== Directions ==
Could you copy all of the records below exactly as they appear?

== Provided entries ==
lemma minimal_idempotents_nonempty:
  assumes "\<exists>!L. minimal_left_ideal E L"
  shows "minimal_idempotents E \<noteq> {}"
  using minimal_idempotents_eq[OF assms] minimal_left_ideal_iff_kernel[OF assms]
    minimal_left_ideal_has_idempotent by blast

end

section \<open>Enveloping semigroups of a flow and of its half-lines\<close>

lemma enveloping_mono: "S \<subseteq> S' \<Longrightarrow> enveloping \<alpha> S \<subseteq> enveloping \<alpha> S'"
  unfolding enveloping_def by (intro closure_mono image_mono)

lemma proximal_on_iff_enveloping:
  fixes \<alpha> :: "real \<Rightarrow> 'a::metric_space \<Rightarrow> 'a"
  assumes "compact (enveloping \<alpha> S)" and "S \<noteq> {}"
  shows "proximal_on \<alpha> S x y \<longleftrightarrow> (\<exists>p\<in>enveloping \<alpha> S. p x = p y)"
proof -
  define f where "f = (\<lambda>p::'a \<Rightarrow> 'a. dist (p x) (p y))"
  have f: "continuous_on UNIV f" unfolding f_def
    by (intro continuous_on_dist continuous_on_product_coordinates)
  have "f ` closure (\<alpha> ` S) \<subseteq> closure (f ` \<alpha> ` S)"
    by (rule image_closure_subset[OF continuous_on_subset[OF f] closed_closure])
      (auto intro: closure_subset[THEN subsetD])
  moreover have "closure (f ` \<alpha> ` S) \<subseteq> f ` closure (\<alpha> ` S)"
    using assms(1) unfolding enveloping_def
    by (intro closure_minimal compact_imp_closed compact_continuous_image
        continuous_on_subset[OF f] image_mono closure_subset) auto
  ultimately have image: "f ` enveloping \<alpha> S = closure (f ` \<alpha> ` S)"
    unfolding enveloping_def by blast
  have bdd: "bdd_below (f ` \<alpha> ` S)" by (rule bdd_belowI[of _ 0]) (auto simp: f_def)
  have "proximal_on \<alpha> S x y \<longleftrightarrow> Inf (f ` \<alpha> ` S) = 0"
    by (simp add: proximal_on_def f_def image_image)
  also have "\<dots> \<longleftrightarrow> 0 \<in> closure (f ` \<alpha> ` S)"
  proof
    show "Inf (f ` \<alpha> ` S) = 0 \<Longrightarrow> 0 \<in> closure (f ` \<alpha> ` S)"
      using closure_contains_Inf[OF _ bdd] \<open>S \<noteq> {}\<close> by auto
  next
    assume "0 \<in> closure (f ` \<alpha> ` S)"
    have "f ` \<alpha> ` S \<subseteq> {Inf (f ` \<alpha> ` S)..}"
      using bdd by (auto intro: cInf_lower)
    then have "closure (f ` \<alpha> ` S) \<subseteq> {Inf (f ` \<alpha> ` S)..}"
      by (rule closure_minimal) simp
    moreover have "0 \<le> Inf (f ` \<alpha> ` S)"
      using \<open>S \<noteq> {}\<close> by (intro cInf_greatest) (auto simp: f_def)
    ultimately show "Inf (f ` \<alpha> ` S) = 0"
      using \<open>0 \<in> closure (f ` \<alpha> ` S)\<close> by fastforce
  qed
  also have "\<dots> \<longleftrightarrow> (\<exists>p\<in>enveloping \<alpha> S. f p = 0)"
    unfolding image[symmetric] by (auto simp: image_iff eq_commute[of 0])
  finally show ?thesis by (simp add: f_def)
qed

== Response box ==
lemma minimal_idempotents_nonempty:
  assumes "\<exists>!L. minimal_left_ideal E L"
  shows "minimal_idempotents E \<noteq> {}"
  using minimal_idempotents_eq[OF assms] minimal_left_ideal_iff_kernel[OF assms]
    minimal_left_ideal_has_idempotent by blast

end

section \<open>Enveloping semigroups of a flow and of its half-lines\<close>

lemma enveloping_mono: "S \<subseteq> S' \<Longrightarrow> enveloping \<alpha> S \<subseteq> enveloping \<alpha> S'"
  unfolding enveloping_def by (intro closure_mono image_mono)

lemma proximal_on_iff_enveloping:
  fixes \<alpha> :: "real \<Rightarrow> 'a::metric_space \<Rightarrow> 'a"
  assumes "compact (enveloping \<alpha> S)" and "S \<noteq> {}"
  shows "proximal_on \<alpha> S x y \<longleftrightarrow> (\<exists>p\<in>enveloping \<alpha> S. p x = p y)"
proof -
  define f where "f = (\<lambda>p::'a \<Rightarrow> 'a. dist (p x) (p y))"
  have f: "continuous_on UNIV f" unfolding f_def
    by (intro continuous_on_dist continuous_on_product_coordinates)
  have "f ` closure (\<alpha> ` S) \<subseteq> closure (f ` \<alpha> ` S)"
    by (rule image_closure_subset[OF continuous_on_subset[OF f] closed_closure])
      (auto intro: closure_subset[THEN subsetD])
  moreover have "closure (f ` \<alpha> ` S) \<subseteq> f ` closure (\<alpha> ` S)"
    using assms(1) unfolding enveloping_def
    by (intro closure_minimal compact_imp_closed compact_continuous_image
        continuous_on_subset[OF f] image_mono closure_subset) auto
  ultimately have image: "f ` enveloping \<alpha> S = closure (f ` \<alpha> ` S)"
    unfolding enveloping_def by blast
  have bdd: "bdd_below (f ` \<alpha> ` S)" by (rule bdd_belowI[of _ 0]) (auto simp: f_def)
  have "proximal_on \<alpha> S x y \<longleftrightarrow> Inf (f ` \<alpha> ` S) = 0"
    by (simp add: proximal_on_def f_def image_image)
  also have "\<dots> \<longleftrightarrow> 0 \<in> closure (f ` \<alpha> ` S)"
  proof
    show "Inf (f ` \<alpha> ` S) = 0 \<Longrightarrow> 0 \<in> closure (f ` \<alpha> ` S)"
      using closure_contains_Inf[OF _ bdd] \<open>S \<noteq> {}\<close> by auto
  next
    assume "0 \<in> closure (f ` \<alpha> ` S)"
    have "f ` \<alpha> ` S \<subseteq> {Inf (f ` \<alpha> ` S)..}"
      using bdd by (auto intro: cInf_lower)
    then have "closure (f ` \<alpha> ` S) \<subseteq> {Inf (f ` \<alpha> ` S)..}"
      by (rule closure_minimal) simp
    moreover have "0 \<le> Inf (f ` \<alpha> ` S)"
      using \<open>S \<noteq> {}\<close> by (intro cInf_greatest) (auto simp: f_def)
    ultimately show "Inf (f ` \<alpha> ` S) = 0"
      using \<open>0 \<in> closure (f ` \<alpha> ` S)\<close> by fastforce
  qed
  also have "\<dots> \<longleftrightarrow> (\<exists>p\<in>enveloping \<alpha> S. f p = 0)"
    unfolding image[symmetric] by (auto simp: image_iff eq_commute[of 0])
  finally show ?thesis by (simp add: f_def)
qed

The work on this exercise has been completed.